Trial data backs ‘moderate’ consumption of sugary drinks for teenagers

By Nathan Gray contact

- Last updated on GMT

Moderate consumption of sugary drinks - which have been linked to obesity and diabetes risk - may not be as unhealthy as we think, say researchers who found no metaboilic changes.
Moderate consumption of sugary drinks - which have been linked to obesity and diabetes risk - may not be as unhealthy as we think, say researchers who found no metaboilic changes.
Moderate consumption of sugary drinks has little impact on adolescents' metabolic health, as long as they remain physically active, according to a new trial.

Sugar-sweetened drinks are often targeted for their high content of added sugars and lack of nutritional value, but according to new data from a US trial short-term moderate consumption of such drinks has little effect on metabolic risk markers – providing people are physically active.

The research, led by Professor Jill Kanaley from the University of Missouri-Columbia, compared the metabolic health effects of short-term consumption of high-fructose and high-glucose sweetened beverages in adolescents in a single blind, counterbalanced trial – finding in healthy and physically active teens, consumption of such sugar sweetened beverages (SSBs) did not have differential effects on fasting or postprandial cholesterol, triacylglycerol, glucose, or hepatic insulin clearance.

"These beverages may not be as unhealthy for adolescents as previously thought, provided that kids stay active,"​ said Kanaley. "That physical activity component is really critical in protecting against some of the negative effects of drinking large amounts of sugar-sweetened drinks demonstrated in previous studies."

Study details

Kanaley and her team measured several aspects of metabolic health after participants had consumed moderate amounts of either high-glucose or high-fructose beverages every day for two weeks.  The team used armbands with electronic sensors to monitor physical activity of the participants, all of whom were healthy male and female adolescents ages 15-20.

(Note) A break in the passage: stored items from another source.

text \<open>Perturbing x inside W shows that B x is orthogonal to W.\<close>

lemma hermitian_nonneg_form_zero_imp_kernel:
  fixes B :: "'n::finite cmat"
  assumes herm: "madj B = B" and W: "vec.subspace W"
    and nonneg: "\<And>y. y \<in> W \<Longrightarrow> 0 \<le> Re (cinner y (B *v y))"
    and x: "x \<in> W" "Re (cinner x (B *v x)) = 0" and Bx: "B *v x \<in> W"
  shows "B *v x = 0"
proof -
  have orth: "Re (cinner y (B *v x)) = 0" if y: "y \<in> W" for y
  proof (rule linear_coeff_zero_if_quadratic_nonneg)
    fix t :: real
    have "cinner x (B *v y) = cnj (cinner y (B *v x))"
      using cinner_madj[of x B y] herm by (simp add: cnj_cinner)
    then have "Re (cinner x (B *v y)) = Re (cinner y (B *v x))" by simp
    then have "Re (cinner (x + t *\<^sub>R y) (B *v (x + t *\<^sub>R y)))
        = 2*t*Re (cinner y (B *v x)) + t\<^sup>2 * Re (cinner y (B *v y))"
      using x(2)
      by (simp add: matrix_vector_right_distrib matrix_vector_mult_scaleR cinner_add_left
          cinner_add_right cinner_scaleR_left cinner_scaleR_right power2_eq_square algebra_simps)
    moreover have "x + t *\<^sub>R y \<in> W"
      using W x y by (simp add: scaleR_eq_scale_of_real vec.subspace_add vec.subspace_scale)
    ultimately show "0 \<le> 2*t*Re (cinner y (B *v x)) + t\<^sup>2 * Re (cinner y (B *v y))"
      using nonneg by metis
  qed
  have "Re (cinner (B *v x) (B *v x)) = 0" "Re (cinner (\<i> *s (B *v x)) (B *v x)) = 0"
    using orth Bx vec.subspace_scale[OF W Bx] by blast+
  then have "cinner (B *v x) (B *v x) = 0" by (simp add: cinner_scale_left complex_eq_iff)
  then show ?thesis by simp
qed

text \<open>A maximiser of the quadratic form on the unit sphere of an invariant subspace is an
  eigenvector.\<close>

lemma hermitian_eigenvector_in_invariant_subspace:
  fixes A :: "'n::finite cmat"
  assumes herm: "madj A = A" and W: "vec.subspace W" and inv: "\<And>x. x \<in> W \<Longrightarrow> A *v x \<in> W"
    and w: "w \<in> W" "w \<noteq> 0"
  obtains x and l :: real where "x \<in> W" "norm x = 1" "A *v x = l *\<^sub>R x"
proof -
  have unit: "(1 / norm y) *\<^sub>R y \<in> W \<inter> sphere 0 1" if "y \<in> W" "y \<noteq> 0" for y
  proof -
    have "(1 / norm y) *\<^sub>R y \<in> W"
      using that W by (simp only: scaleR_eq_scale_of_real vec.subspace_scale)
    then show ?thesis using that by simp
  qed
  have "compact (W \<inter> sphere 0 1)"
    by (intro closed_Int_compact vec_subspace_imp_closed[OF W] compact_sphere)
  then obtain x where x: "x \<in> W \<inter> sphere 0 1"
    and max: "\<And>y. y \<in> W \<inter> sphere 0 1 \<Longrightarrow> Re (cinner y (A *v y)) \<le> Re (cinner x (A *v x))"
    using continuous_attains_sup[of "W \<inter> sphere 0 1" "\<lambda>x. Re (cinner x (A *v x))"]
      continuous_on_Re_quadratic_form unit[OF w] by blast
  define l where "l = Re (cinner x (A *v x))"
  define B where "B = cmscale (of_real l) (mat 1) - A"
  have Bv: "B *v y = of_real l *s y - A *v y" for y
    unfolding B_def by (simp add: matrix_vector_mult_diff_rdistrib cmscale_matrix_vector_mult)
  have form_B: "Re (cinner y (B *v y)) = l * (norm y)\<^sup>2 - Re (cinner y (A *v y))" for y
    by (simp add: Bv cinner_diff_right cinner_scale_right cinner_self)
  have "0 \<le> Re (cinner y (B *v y))" if y: "y \<in> W" for y
  proof (cases "y = 0")
    case False
    have "Re (cinner ((1 / norm y) *\<^sub>R y) (A *v ((1 / norm y) *\<^sub>R y))) \<le> l"
      using max[OF unit[OF y False]] unfolding l_def .
    then show ?thesis
      using False
      by (simp add: form_B matrix_vector_mult_scaleR cinner_scaleR_left cinner_scaleR_right
          power2_eq_square field_simps)
  qed simp
  moreover have "Re (cinner x (B *v x)) = 0" using x by (simp add: form_B l_def)
  moreover have "B *v x \<in> W"
    using W x inv[of x] by (simp add: Bv vec.subspace_diff vec.subspace_scale)
  ultimately have "B *v x = 0"
    using hermitian_nonneg_form_zero_imp_kernel[OF _ W] x herm
    by (simp add: B_def madj_diff madj_cmscale)
  then have "A *v x = l *\<^sub>R x" by (simp add: Bv scaleR_eq_scale_of_real)
  then show thesis using that[of x l] x by simp
qed

lemma hermitian_orth_compl_invariant:
  assumes herm: "madj A = A" and eig: "real_eigenvectors A V" and x: "x \<in> orth_compl V"
  shows "A *v x \<in> orth_compl V"
  unfolding orth_compl_def mem_Collect_eq
proof
  fix v assume v: "v \<in> V"
  obtain l where l: "A *v v = l *\<^sub>R v" using eig v unfolding real_eigenvectors_def by blast
  have "cinner v (A *v x) = cinner (A *v v) x" using cinner_madj[of v A x] herm by simp
  then show "cinner v (A *v x) = 0"
    using x v unfolding l orth_compl_def by (simp add: cinner_scaleR_left)
qed

text \<open>Grow an orthonormal set of eigenvectors inside its orthogonal complement; the dimension
  bound stops the growth only at a complete set.\<close>

lemma hermitian_orthonormal_eigenbasis:
  fixes A :: "'n::finite cmat"
  assumes herm: "madj A = A"
  obtains V where "orthonormal_set V" "real_eigenvectors A V" "orth_compl V \<subseteq> {0}"
proof -
  have "\<exists>V. orthonormal_set V \<and> real_eigenvectors A V \<and> (orth_compl V \<subseteq> {0} \<or> card V = n)" for n
  proof (induction n)
    case 0
    show ?case
      by (rule exI[of _ "{}"]) (auto simp: orthonormal_set_def real_eigenvectors_def)
  next
    case (Suc n)
    then obtain V where V: "orthonormal_set V" "real_eigenvectors A V"
      and "orth_compl V \<subseteq> {0} \<or> card V = n" by blast
    then consider "orth_compl V \<subseteq> {0}" | w where "card V = n" "w \<in> orth_compl V" "w \<noteq> 0"
      by blast
    then show ?case
    proof cases
      case 1
      then show ?thesis using V by blast
    next
      case (2 w)
      obtain x l where x: "x \<in> orth_compl V" "norm x = 1" "A *v x = l *\<^sub>R x"
        using hermitian_eigenvector_in_invariant_subspace[OF herm vec_subspace_orth_compl
            hermitian_orth_compl_invariant[OF herm V(2)] 2(2,3)] .
      have "card (insert x V) = Suc n"
        using orthonormal_set_insert[OF V(1) x(1,2)] orthonormal_set_finite(1)[OF V(1)] 2(1) by simp
      moreover have "real_eigenvectors A (insert x V)"
        using V(2) x(3) unfolding real_eigenvectors_def by blast
      ultimately show ?thesis using orthonormal_set_insert[OF V(1) x(1,2)] by blast
    qed
  qed
  then obtain V where "orthonormal_set V" "real_eigenvectors A V"
    "orth_compl V \<subseteq> {0} \<or> card V = Suc DIM(complex^'n)" by blast
  then show thesis using that orthonormal_set_finite(2)[of V] by fastforce
qed

definition spectral_sum :: "(complex^'n::finite) set \<Rightarrow> (complex^'n \<Rightarrow> complex) \<Rightarrow> 'n cmat" where
  "spectral_sum V c = (\<chi> i j. \<Sum>v\<in>V. c v * v $ i * cnj (v $ j))"

lemma spectral_sum_mult_vec: "spectral_sum V c *v x = (\<Sum>v\<in>V. (c v * cinner v x) *s v)"
proof -
  have "(spectral_sum V c *v x) $ i = (\<Sum>v\<in>V. \<Sum>j\<in>UNIV. c v * v $ i * cnj (v $ j) * x $ j)" for i
    unfolding spectral_sum_def matrix_vector_mult_def
    by (simp add: sum_distrib_right) (rule sum.swap)
  then show ?thesis
    by (simp add: vec_eq_iff sum_component cinner_def sum_distrib_left sum_distrib_right mult_ac)
qed

lemma spectral_sum_on_basis:
  assumes "orthonormal_set V" "w \<in> V"
  shows "spectral_sum V c *v w = c w *s w"
proof -
  have "spectral_sum V c *v w = (\<Sum>v\<in>V. if v = w then c v *s v else 0)"
    unfolding spectral_sum_mult_vec using assms unfolding orthonormal_set_def
    by (intro sum.cong) auto
  then show ?thesis using orthonormal_set_finite(1)[OF assms(1)] assms(2) by simp
qed

lemma spectral_sum_quadratic_form:
  "cinner x (spectral_sum V c *v x) = (\<Sum>v\<in>V. c v * of_real ((norm (cinner v x))\<^sup>2))"
proof -
  have "cinner v x * cinner x v = of_real ((norm (cinner v x))\<^sup>2)" for v
    using cnj_mult_self[of "cinner v x"] cnj_cinner[of v x] by (simp add: mult.commute)
  then show ?thesis
    by (simp add: spectral_sum_mult_vec cinner_sum_right cinner_scale_right mult.assoc)
qed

The high-glucose (HG) drink contained 50 grams of glucose and 15 grams of fructose; the high-fructose (HF) drink contained 50 grams of fructose and 15 grams of glucose. In comparison, the team noted that two 12-ounce cans of white soda contain about 50 grams of fructose, although the amount of sugar found in soft drinks varies by brand and type.

After two weeks the team assessed, insulin sensitivity and resistance, fasting and postprandial glucose, lactate, lipid, cholesterol, insulin, C-peptide, insulin secretion, and clearance responses to the HF or HG drinks.

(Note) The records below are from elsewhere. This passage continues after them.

(* Let $p$ be an odd prime, $h(t)\in\Lambda_p$ irreducible with $\mathrm{br}\,h=n\ge1$, and $\mathbb X=(\mathbb F(p,h(t)),* )$. For $m\ge1$ let $p_m(t)=\sum_{j=0}^{m-1}t^j$ and $H_m(t)=1-t^m$. Then: (1) $\mathbb X$ is trivial (i.e. $a*b=a$ for all $a,b$) if and only if $h(t)\doteq t-1$. (2) If $\mathbb X$ is non-trivial, then $*^m=*^0$ (i.e. $t_{\mathbb X}$ divides $m$) if and only if $h(t)$ divides $p_m(t)$ in $\Lambda_p$. (3) $H_m(\bar t)=0$ in $\mathbb F(p,h(t))$ if and only if $m$ is a multiple of $t_{\mathbb X}$. (4) If $\mathbb X$ is non-trivial then $t_{\mathbb X}\ge n+1$; moreover $t_{\mathbb X}=n+1$ if and only if $p_{n+1}(t)$ is irreducible in $\mathbb Z_p[t]$ and $h(t)\doteq p_{n+1}(t)$ in $\Lambda_p$, in which case $p_{n+1}(t)$ is irreducible in $\mathbb Z[t]$ and $n+1$ is prime.
   Context: A quandle is a set with operation $*$ satisfying $a*a=a$, $(a*b)*c=(a*c)*(b*c)$ and bijectivity of $x\mapsto x*b$; $a*^0b=a$, $a*^nb=(a*^{n-1}b)*b$; for a finite quandle the type $t_{\mathbb X}$ is the least $m\ge1$ with $*^m=*^0$. $\Lambda_p=\mathbb Z_p[t,t^{-1}]$; breadth $\mathrm{br}\,f$ = highest minus lowest exponent of nonzero monomials; $f\doteq g$ means $f=at^kg$, $a\in\mathbb Z_p^*$, $k\in\mathbb Z$. $\mathbb F(p,h(t))=\Lambda_p/(h(t))$ (a field with $p^n$ elements), $\bar t$ the class of $t$, and $a*b=\bar ta+(1-\bar t)b$. *)

theory Defs
  imports "HOL-Computational_Algebra.Formal_Laurent_Series"
          "HOL-Computational_Algebra.Polynomial_FPS"
          "Berlekamp_Zassenhaus.Finite_Field"
begin

text \<open>Laurent polynomials Lambda = R[t,t^-1], realised inside the ring of formal Laurent
  series 'a fls as those series with finitely many nonzero coefficients; t is fls_X.\<close>

definition lpoly :: "'a::comm_ring_1 fls set" where
  "lpoly = {f. finite {n. fls_nth f n \<noteq> 0}}"

definition lp_dvd :: "'a::comm_ring_1 fls \<Rightarrow> 'a fls \<Rightarrow> bool" where
  "lp_dvd g f \<longleftrightarrow> (\<exists>q\<in>lpoly. f = g * q)"

definition lp_unit :: "'a::comm_ring_1 fls \<Rightarrow> bool" where
  "lp_unit u \<longleftrightarrow> u \<in> lpoly \<and> (\<exists>v\<in>lpoly. u * v = 1)"

definition lp_irreducible :: "'a::comm_ring_1 fls \<Rightarrow> bool" where
  "lp_irreducible h \<longleftrightarrow> h \<in> lpoly \<and> h \<noteq> 0 \<and> \<not> lp_unit h \<and>
     (\<forall>a\<in>lpoly. \<forall>b\<in>lpoly. h = a * b \<longrightarrow> lp_unit a \<or> lp_unit b)"

definition lp_breadth :: "'a::comm_ring_1 fls \<Rightarrow> int" where
  "lp_breadth f = Max {n. fls_nth f n \<noteq> 0} - Min {n. fls_nth f n \<noteq> 0}"

definition lp_assoc :: "'a::field fls \<Rightarrow> 'a fls \<Rightarrow> bool" where
  "lp_assoc f g \<longleftrightarrow> (\<exists>a. a \<noteq> 0 \<and> (\<exists>k::int. f = fls_const a * fls_X_intpow k * g))"

definition lp_of_poly :: "'a::comm_ring_1 poly \<Rightarrow> 'a fls" where
  "lp_of_poly p = fps_to_fls (fps_of_poly p)"

definition pm :: "nat \<Rightarrow> 'a::comm_ring_1 poly" where
  "pm m = (\<Sum>j<m. Polynomial.monom 1 j)"

definition Hm :: "nat \<Rightarrow> 'a::comm_ring_1 fls" where
  "Hm m = 1 - fls_X ^ m"

text \<open>The Alexander quandle F(p,h) = Lambda/(h), with a*b = t a + (1-t) b.
  Elements of the quotient are represented by elements of Lambda; two representatives
  give the same element of the quotient iff they are congruent modulo h.\<close>
definition lp_cong :: "'a::comm_ring_1 fls \<Rightarrow> 'a fls \<Rightarrow> 'a fls \<Rightarrow> bool" where
  "lp_cong h a b \<longleftrightarrow> lp_dvd h (a - b)"

definition qop :: "'a::comm_ring_1 fls \<Rightarrow> 'a fls \<Rightarrow> 'a fls" where
  "qop a b = fls_X * a + (1 - fls_X) * b"

definition qpow :: "nat \<Rightarrow> 'a::comm_ring_1 fls \<Rightarrow> 'a fls \<Rightarrow> 'a fls" where
  "qpow m a b = ((\<lambda>x. qop x b) ^^ m) a"

definition quandle_trivial :: "'a::comm_ring_1 fls \<Rightarrow> bool" where
  "quandle_trivial h \<longleftrightarrow> (\<forall>a\<in>lpoly. \<forall>b\<in>lpoly. lp_cong h (qop a b) a)"

definition qpow_id :: "'a::comm_ring_1 fls \<Rightarrow> nat \<Rightarrow> bool" where
  "qpow_id h m \<longleftrightarrow> (\<forall>a\<in>lpoly. \<forall>b\<in>lpoly. lp_cong h (qpow m a b) a)"

definition quandle_type :: "'a::comm_ring_1 fls \<Rightarrow> nat" where
  "quandle_type h = (LEAST m. m \<ge> 1 \<and> qpow_id h m)"

end

theory Submission
  imports Defs
begin

unbundle fps_syntax

(*
  The Alexander quandle F(p,h) = Lambda_p/(h) with a*b = t a + (1 - t) b satisfies
  a *^m b = t^m a + (1 - t^m) b, so *^m = *^0 exactly when h divides t^m - 1 in Lambda_p.
  Every nonzero Laurent polynomial is t^k H(t) for an ordinary polynomial H with H(0) /= 0,
  and then divisibility by h in Lambda_p is divisibility by H in Z_p[t] (powers of t are
  units in Lambda_p and coprime to H in Z_p[t]).  Hence the type of the quandle is the
  multiplicative order of t modulo H, and the four claims become statements about the
  irreducible polynomial H:
    (1) trivial  <->  H | t - 1;
    (2) t^m - 1 = (t - 1) p_m(t), so for H not dividing t - 1 (H prime) H | t^m - 1 <-> H | p_m;
    (3) H_m = -(t^m - 1);
    (4) H | p_m forces deg H <= m - 1, with equality iff p_m is a scalar multiple of H;
        p_m irreducible forces m prime, and irreducibility of the monic p_m lifts to Z[t].
*)

lemma lp_of_poly_nth:
  "lp_of_poly p $$ n = (if n < 0 then 0 else Polynomial.coeff p (nat n))"
  by (simp add: lp_of_poly_def)

lemma lp_of_poly_mult:
  "lp_of_poly (p * q) = lp_of_poly p * (lp_of_poly q :: 'a::comm_ring_1 fls)"
  by (simp add: lp_of_poly_def fps_of_poly_mult fls_times_fps_to_fls)

lemma lp_of_poly_diff:
  "lp_of_poly (p - q) = lp_of_poly p - (lp_of_poly q :: 'a::comm_ring_1 fls)"
  by (simp add: lp_of_poly_def fps_of_poly_diff)

lemma lp_of_poly_1 [simp]: "lp_of_poly 1 = (1 :: 'a::comm_ring_1 fls)"
  by (simp add: lp_of_poly_def)

lemma lp_of_poly_const: "lp_of_poly [:c:] = (fls_const c :: 'a::comm_ring_1 fls)"
  by (simp add: lp_of_poly_def fps_of_poly_const)

lemma lp_of_poly_monom:
  "lp_of_poly (Polynomial.monom 1 m) = (fls_X ^ m :: 'a::comm_ring_1 fls)"
  by (simp add: lp_of_poly_def fps_of_poly_monom' fps_to_fls_power)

The team found that this short-term, moderate consumption of high-fructose and high-glucose beverages had little impact on the metabolic health measures. Indeed, analysis showed that body weight, QUICKI (whole-body insulin sensitivity), HOMA-IR (hepatic insulin resistance), and fasting lipids, cholesterol, glucose, lactate, and insulin secretion or clearance were not different between trials.

However, they noted that fasting HDL- and HDL3​-cholesterol concentrations were approximately 10 to 31% greater in female adolescents than in male adolescents.

"I certainly would recommend that they work to reduce their children's intake of sugary drinks, but it also is important for kids to remain active, especially if they are drinking a lot of sugary beverages,”​ Kanaley said.

“In our study, the female adolescents averaged around 8,000 steps per day, and the males averaged about 10,000 steps per day. These children weren't athletes, but they had active lifestyles,”​ she added.